◆ Exercise directions ◆
Within the entries below, find every line that has the string "have", then copy it.
[Extracted entries — start]
lemma herm_ip_rho_eq_zero_iff:
  assumes l: "l mod 8 = 7" and x: "\<forall>i<n. x i \<in> OK l" and y: "\<forall>i<n. y i \<in> OK l"
  shows "herm_ip_R n (\<lambda>i. rho l (x i)) (\<lambda>i. rho l (y i)) = R_zero \<longleftrightarrow>
         (\<Sum>i<n. x i / 2 * cnj (y i / 2)) \<in> OK l"
proof -
  have odd: "odd l" using l by presburger
  define M where "M = (int l + 1) div 2"
  have M_zero: "(of_int M :: 4) = 0"
    unfolding M_def of_int_eq_0_iff_4_dvd using l by presburger
  obtain xa xb where X: "\<forall>i<n. x i = OK_elem l (xa i) (xb i)"
    using x unfolding OK_iff_OK_elem by metis
  obtain ya yb where Y: "\<forall>i<n. y i = OK_elem l (ya i) (yb i)"
    using y unfolding OK_iff_OK_elem by metis
  define P where "P i = xa i * (ya i + yb i) + xb i * yb i * M" for i
  define Q where "Q i = xb i * ya i - xa i * yb i" for i
  have "(\<Sum>i<n. x i / 2 * cnj (y i / 2)) = (\<Sum>i<n. OK_elem l (P i) (Q i)) / 4"
    using X Y by (simp add: sum_divide_distrib OK_elem_mult_cnj[OF odd] P_def Q_def M_def)
  also have "\<dots> = OK_elem l (\<Sum>i<n. P i) (\<Sum>i<n. Q i) / 4"
    by (simp only: sum_OK_elem)
  finally have complex_side:
    "(\<Sum>i<n. x i / 2 * cnj (y i / 2)) = OK_elem l (\<Sum>i<n. P i) (\<Sum>i<n. Q i) / 4" .
  have "herm_ip_R n (\<lambda>i. rho l (x i)) (\<lambda>i. rho l (y i)) =
        ((\<Sum>i<n. of_int (P i)), (\<Sum>i<n. of_int (Q i)))"
    unfolding herm_ip_R_eq_sum using X Y M_zero
    by (auto intro!: sum.cong simp: R_mult_def R_conj_def P_def Q_def algebra_simps)
  then have R_side: "herm_ip_R n (\<lambda>i. rho l (x i)) (\<lambda>i. rho l (y i)) =
        (of_int (\<Sum>i<n. P i), of_int (\<Sum>i<n. Q i))"
    by simp
  show ?thesis
    unfolding complex_side R_side OK_elem_div_4_in_OK_iff R_zero_def prod.inject
      of_int_eq_0_iff_4_dvd ..
qed
(* For every bigroupoid $\mathcal B$ there exist an AU-bigroupoid $\mathcal S\mathcal B$ and weak equivalences (biequivalences) $(E,\epsilon):\mathcal S\mathcal B\to\mathcal B$ and $(S,\sigma):\mathcal B\to\mathcal S\mathcal B$.
   Context: A bigroupoid $\mathcal B$ consists of: a set $\mathcal B_0$ of 0-cells; for each $A,B$ a groupoid $\mathcal B(A,B)$ (objects: 1-cells; arrows: 2-cells); composition functors $*$; identity 1-cells $1_A$; inversion functors $(-)^*$; and natural isomorphisms $\mathbf a:(h*g)*f\Rightarrow h*(g*f)$, $\mathbf l:1_B*f\Rightarrow f$, $\mathbf r:f*1_A\Rightarrow f$, $\mathbf e:f^**f\Rightarrow 1_A$, $\mathbf i:1_B\Rightarrow f*f^*$, such that the pentagon for $\mathbf a$ commutes, $(\mathrm{id}*\mathbf l)\circ\mathbf a=\mathbf r*\mathrm{id}$, and $\mathbf r_f\circ(\mathrm{id}*\mathbf e_f)\circ\mathbf a\circ(\mathbf i_f*\mathrm{id})=\mathbf l_f$. An AU-bigroupoid is a bigroupoid in which $\mathbf a,\mathbf l,\mathbf r$ are identities. A morphism $(F,\phi):\mathcal A\to\mathcal B$ consists of a function on 0-cells, functors $F_{A,A'}:\mathcal A(A,A')\to\mathcal B(FA,FA')$ and natural isomorphisms $\phi_{g,f}:Fg*Ff\Rightarrow F(g*f)$, $\phi_A:1_{FA}\Rightarrow F1_A$, $\phi_f:(Ff)^*\Rightarrow F(f^* )$ satisfying $F\mathbf a\circ\phi\circ(\phi*\mathrm{id})=\phi\circ(\mathrm{id}*\phi)\circ\mathbf a$, $F\mathbf r\circ\phi\circ(\mathrm{id}*\phi_A)=\mathbf r$, $F\mathbf l\circ\phi\circ(\phi_B*\mathrm{id})=\mathbf l$, $F\mathbf e\circ\phi\circ(\phi_f*\mathrm{id})=\phi_A\circ\mathbf e$, $F\mathbf i\circ\phi_B=\phi\circ(\mathrm{id}*\phi_f)\circ\mathbf i$. A weak equivalence (biequivalence) $F:\mathcal A\to\mathcal B$ is a morphism such that every 0-cell $B$ of $\mathcal B$ admits a 1-cell $B\to FA'$ for some 0-cell $A'$ of $\mathcal A$, and each $F_{A,A'}$ is an equivalence of categories. *)

theory Defs
  imports Main
begin

text \<open>The hom-groupoid
B(X,Y) has objects hom B X Y and arrows hom2 B f g.  Operations are total HOL
functions; only their values on the relevant carriers matter.\<close>

record ('o,'a,'b) bigroupoid =
  Obj :: "'o set"
  Arr :: "'a set"
  src :: "'a \<Rightarrow> 'o"
  tgt :: "'a \<Rightarrow> 'o"
  Cell :: "'b set"
  dom2 :: "'b \<Rightarrow> 'a"
  cod2 :: "'b \<Rightarrow> 'a"
  vcomp :: "'b \<Rightarrow> 'b \<Rightarrow> 'b"   (* vcomp B beta alpha = beta o alpha *)
  vid :: "'a \<Rightarrow> 'b"
  hcomp :: "'a \<Rightarrow> 'a \<Rightarrow> 'a"    (* hcomp B g f = g * f *)
  hcomp2 :: "'b \<Rightarrow> 'b \<Rightarrow> 'b"   (* hcomp2 B beta alpha = beta * alpha *)
  idn :: "'o \<Rightarrow> 'a"
  rinv :: "'a \<Rightarrow> 'a"
  rinv2 :: "'b \<Rightarrow> 'b"
  asc :: "'a \<Rightarrow> 'a \<Rightarrow> 'a \<Rightarrow> 'b"
  lun :: "'a \<Rightarrow> 'b"
  run :: "'a \<Rightarrow> 'b"
  eps :: "'a \<Rightarrow> 'b"
  eta :: "'a \<Rightarrow> 'b"

definition hom :: "('o,'a,'b) bigroupoid \<Rightarrow> 'o \<Rightarrow> 'o \<Rightarrow> 'a set" where
  "hom B X Y = {f \<in> Arr B. src B f = X \<and> tgt B f = Y}"

definition hom2 :: "('o,'a,'b) bigroupoid \<Rightarrow> 'a \<Rightarrow> 'a \<Rightarrow> 'b set" where
  "hom2 B f g = {\<alpha> \<in> Cell B. dom2 B \<alpha> = f \<and> cod2 B \<alpha> = g}"

definition bigroupoid :: "('o,'a,'b) bigroupoid \<Rightarrow> bool" where
  "bigroupoid B \<longleftrightarrow>
    \<comment> \<open>well-formedness of cells\<close>
    (\<forall>f\<in>Arr B. src B f \<in> Obj B \<and> tgt B f \<in> Obj B) \<and>
    (\<forall>\<alpha>\<in>Cell B. dom2 B \<alpha> \<in> Arr B \<and> cod2 B \<alpha> \<in> Arr B \<and>
        src B (dom2 B \<alpha>) = src B (cod2 B \<alpha>) \<and> tgt B (dom2 B \<alpha>) = tgt B (cod2 B \<alpha>)) \<and>
    \<comment> \<open>each B(X,Y) is a groupoid\<close>
    (\<forall>f\<in>Arr B. vid B f \<in> hom2 B f f) \<and>
    (\<forall>f g h \<alpha> \<beta>. \<alpha> \<in> hom2 B f g \<longrightarrow> \<beta> \<in> hom2 B g h \<longrightarrow> vcomp B \<beta> \<alpha> \<in> hom2 B f h) \<and>
    (\<forall>f g h k \<alpha> \<beta> \<gamma>. \<alpha> \<in> hom2 B f g \<longrightarrow> \<beta> \<in> hom2 B g h \<longrightarrow> \<gamma> \<in> hom2 B h k \<longrightarrow>
        vcomp B \<gamma> (vcomp B \<beta> \<alpha>) = vcomp B (vcomp B \<gamma> \<beta>) \<alpha>) \<and>
    (\<forall>f g \<alpha>. \<alpha> \<in> hom2 B f g \<longrightarrow> vcomp B (vid B g) \<alpha> = \<alpha> \<and> vcomp B \<alpha> (vid B f) = \<alpha>) \<and>
    (\<forall>f g \<alpha>. \<alpha> \<in> hom2 B f g \<longrightarrow>
        (\<exists>\<beta>\<in>hom2 B g f. vcomp B \<beta> \<alpha> = vid B f \<and> vcomp B \<alpha> \<beta> = vid B g)) \<and>
    \<comment> \<open>composition functors B(Y,Z) x B(X,Y) -> B(X,Z)\<close>
    (\<forall>X Y Z f g. f \<in> hom B X Y \<longrightarrow> g \<in> hom B Y Z \<longrightarrow> hcomp B g f \<in> hom B X Z) \<and>
    (\<forall>f f' g g' \<alpha> \<beta>. \<alpha> \<in> hom2 B f f' \<longrightarrow> \<beta> \<in> hom2 B g g' \<longrightarrow> tgt B f = src B g \<longrightarrow>
        hcomp2 B \<beta> \<alpha> \<in> hom2 B (hcomp B g f) (hcomp B g' f')) \<and>
    (\<forall>f g. f \<in> Arr B \<longrightarrow> g \<in> Arr B \<longrightarrow> tgt B f = src B g \<longrightarrow>
        hcomp2 B (vid B g) (vid B f) = vid B (hcomp B g f)) \<and>
    (\<forall>f f' f'' g g' g'' \<alpha> \<alpha>' \<beta> \<beta>'. \<alpha> \<in> hom2 B f f' \<longrightarrow> \<alpha>' \<in> hom2 B f' f'' \<longrightarrow>
        \<beta> \<in> hom2 B g g' \<longrightarrow> \<beta>' \<in> hom2 B g' g'' \<longrightarrow> tgt B f = src B g \<longrightarrow>
        hcomp2 B (vcomp B \<beta>' \<beta>) (vcomp B \<alpha>' \<alpha>) = vcomp B (hcomp2 B \<beta>' \<alpha>') (hcomp2 B \<beta> \<alpha>)) \<and>
    \<comment> \<open>identity 1-cells\<close>
    (\<forall>X\<in>Obj B. idn B X \<in> hom B X X) \<and>
    \<comment> \<open>inversion functors B(X,Y) -> B(Y,X)\<close>
    (\<forall>X Y f. f \<in> hom B X Y \<longrightarrow> rinv B f \<in> hom B Y X) \<and>
    (\<forall>f g \<alpha>. \<alpha> \<in> hom2 B f g \<longrightarrow> rinv2 B \<alpha> \<in> hom2 B (rinv B f) (rinv B g)) \<and>
    (\<forall>f\<in>Arr B. rinv2 B (vid B f) = vid B (rinv B f)) \<and>
    (\<forall>f g h \<alpha> \<beta>. \<alpha> \<in> hom2 B f g \<longrightarrow> \<beta> \<in> hom2 B g h \<longrightarrow>
        rinv2 B (vcomp B \<beta> \<alpha>) = vcomp B (rinv2 B \<beta>) (rinv2 B \<alpha>)) \<and>
    \<comment> \<open>associator a : (h*g)*f => h*(g*f), natural\<close>
    (\<forall>f g h. f \<in> Arr B \<longrightarrow> g \<in> Arr B \<longrightarrow> h \<in> Arr B \<longrightarrow> tgt B f = src B g \<longrightarrow> tgt B g = src B h \<longrightarrow>
        asc B h g f \<in> hom2 B (hcomp B (hcomp B h g) f) (hcomp B h (hcomp B g f))) \<and>
    (\<forall>f f' g g' h h' \<alpha> \<beta> \<gamma>. \<alpha> \<in> hom2 B f f' \<longrightarrow> \<beta> \<in> hom2 B g g' \<longrightarrow> \<gamma> \<in> hom2 B h h' \<longrightarrow>
        tgt B f = src B g \<longrightarrow> tgt B g = src B h \<longrightarrow>
        vcomp B (asc B h' g' f') (hcomp2 B (hcomp2 B \<gamma> \<beta>) \<alpha>)
          = vcomp B (hcomp2 B \<gamma> (hcomp2 B \<beta> \<alpha>)) (asc B h g f)) \<and>
    \<comment> \<open>left unitor l : 1_Y * f => f, natural\<close>
    (\<forall>f\<in>Arr B. lun B f \<in> hom2 B (hcomp B (idn B (tgt B f)) f) f) \<and>
    (\<forall>f g \<alpha>. \<alpha> \<in> hom2 B f g \<longrightarrow>
        vcomp B \<alpha> (lun B f) = vcomp B (lun B g) (hcomp2 B (vid B (idn B (tgt B f))) \<alpha>)) \<and>
    \<comment> \<open>right unitor r : f * 1_X => f, natural\<close>
    (\<forall>f\<in>Arr B. run B f \<in> hom2 B (hcomp B f (idn B (src B f))) f) \<and>
    (\<forall>f g \<alpha>. \<alpha> \<in> hom2 B f g \<longrightarrow>
        vcomp B \<alpha> (run B f) = vcomp B (run B g) (hcomp2 B \<alpha> (vid B (idn B (src B f))))) \<and>
    \<comment> \<open>e : f^star * f => 1_X, natural\<close>
    (\<forall>f\<in>Arr B. eps B f \<in> hom2 B (hcomp B (rinv B f) f) (idn B (src B f))) \<and>
    (\<forall>f g \<alpha>. \<alpha> \<in> hom2 B f g \<longrightarrow> vcomp B (eps B g) (hcomp2 B (rinv2 B \<alpha>) \<alpha>) = eps B f) \<and>
    \<comment> \<open>i : 1_Y => f * f^star, natural\<close>
    (\<forall>f\<in>Arr B. eta B f \<in> hom2 B (idn B (tgt B f)) (hcomp B f (rinv B f))) \<and>
    (\<forall>f g \<alpha>. \<alpha> \<in> hom2 B f g \<longrightarrow> vcomp B (hcomp2 B \<alpha> (rinv2 B \<alpha>)) (eta B f) = eta B g) \<and>
    \<comment> \<open>pentagon\<close>
    (\<forall>f g h k. f \<in> Arr B \<longrightarrow> g \<in> Arr B \<longrightarrow> h \<in> Arr B \<longrightarrow> k \<in> Arr B \<longrightarrow>
        tgt B f = src B g \<longrightarrow> tgt B g = src B h \<longrightarrow> tgt B h = src B k \<longrightarrow>
        vcomp B (asc B k h (hcomp B g f)) (asc B (hcomp B k h) g f)
          = vcomp B (hcomp2 B (vid B k) (asc B h g f))
              (vcomp B (asc B k (hcomp B h g) f) (hcomp2 B (asc B k h g) (vid B f)))) \<and>
    \<comment> \<open>(id * l) o a = r * id\<close>
    (\<forall>f g. f \<in> Arr B \<longrightarrow> g \<in> Arr B \<longrightarrow> tgt B f = src B g \<longrightarrow>
        vcomp B (hcomp2 B (vid B g) (lun B f)) (asc B g (idn B (tgt B f)) f)
          = hcomp2 B (run B g) (vid B f)) \<and>
    \<comment> \<open>r_f o (id * e_f) o a o (i_f * id) = l_f\<close>
    (\<forall>f\<in>Arr B. vcomp B (run B f) (vcomp B (hcomp2 B (vid B f) (eps B f))
        (vcomp B (asc B f (rinv B f) f) (hcomp2 B (eta B f) (vid B f)))) = lun B f)"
[Extracted entries — finish]
◆ Expected answer ◆
  have odd: "odd l" using l by presburger
  have M_zero: "(of_int M :: 4) = 0"
  have "(\<Sum>i<n. x i / 2 * cnj (y i / 2)) = (\<Sum>i<n. OK_elem l (P i) (Q i)) / 4"
  also have "\<dots> = OK_elem l (\<Sum>i<n. P i) (\<Sum>i<n. Q i) / 4"
  finally have complex_side:
  have "herm_ip_R n (\<lambda>i. rho l (x i)) (\<lambda>i. rho l (y i)) =
  then have R_side: "herm_ip_R n (\<lambda>i. rho l (x i)) (\<lambda>i. rho l (y i)) =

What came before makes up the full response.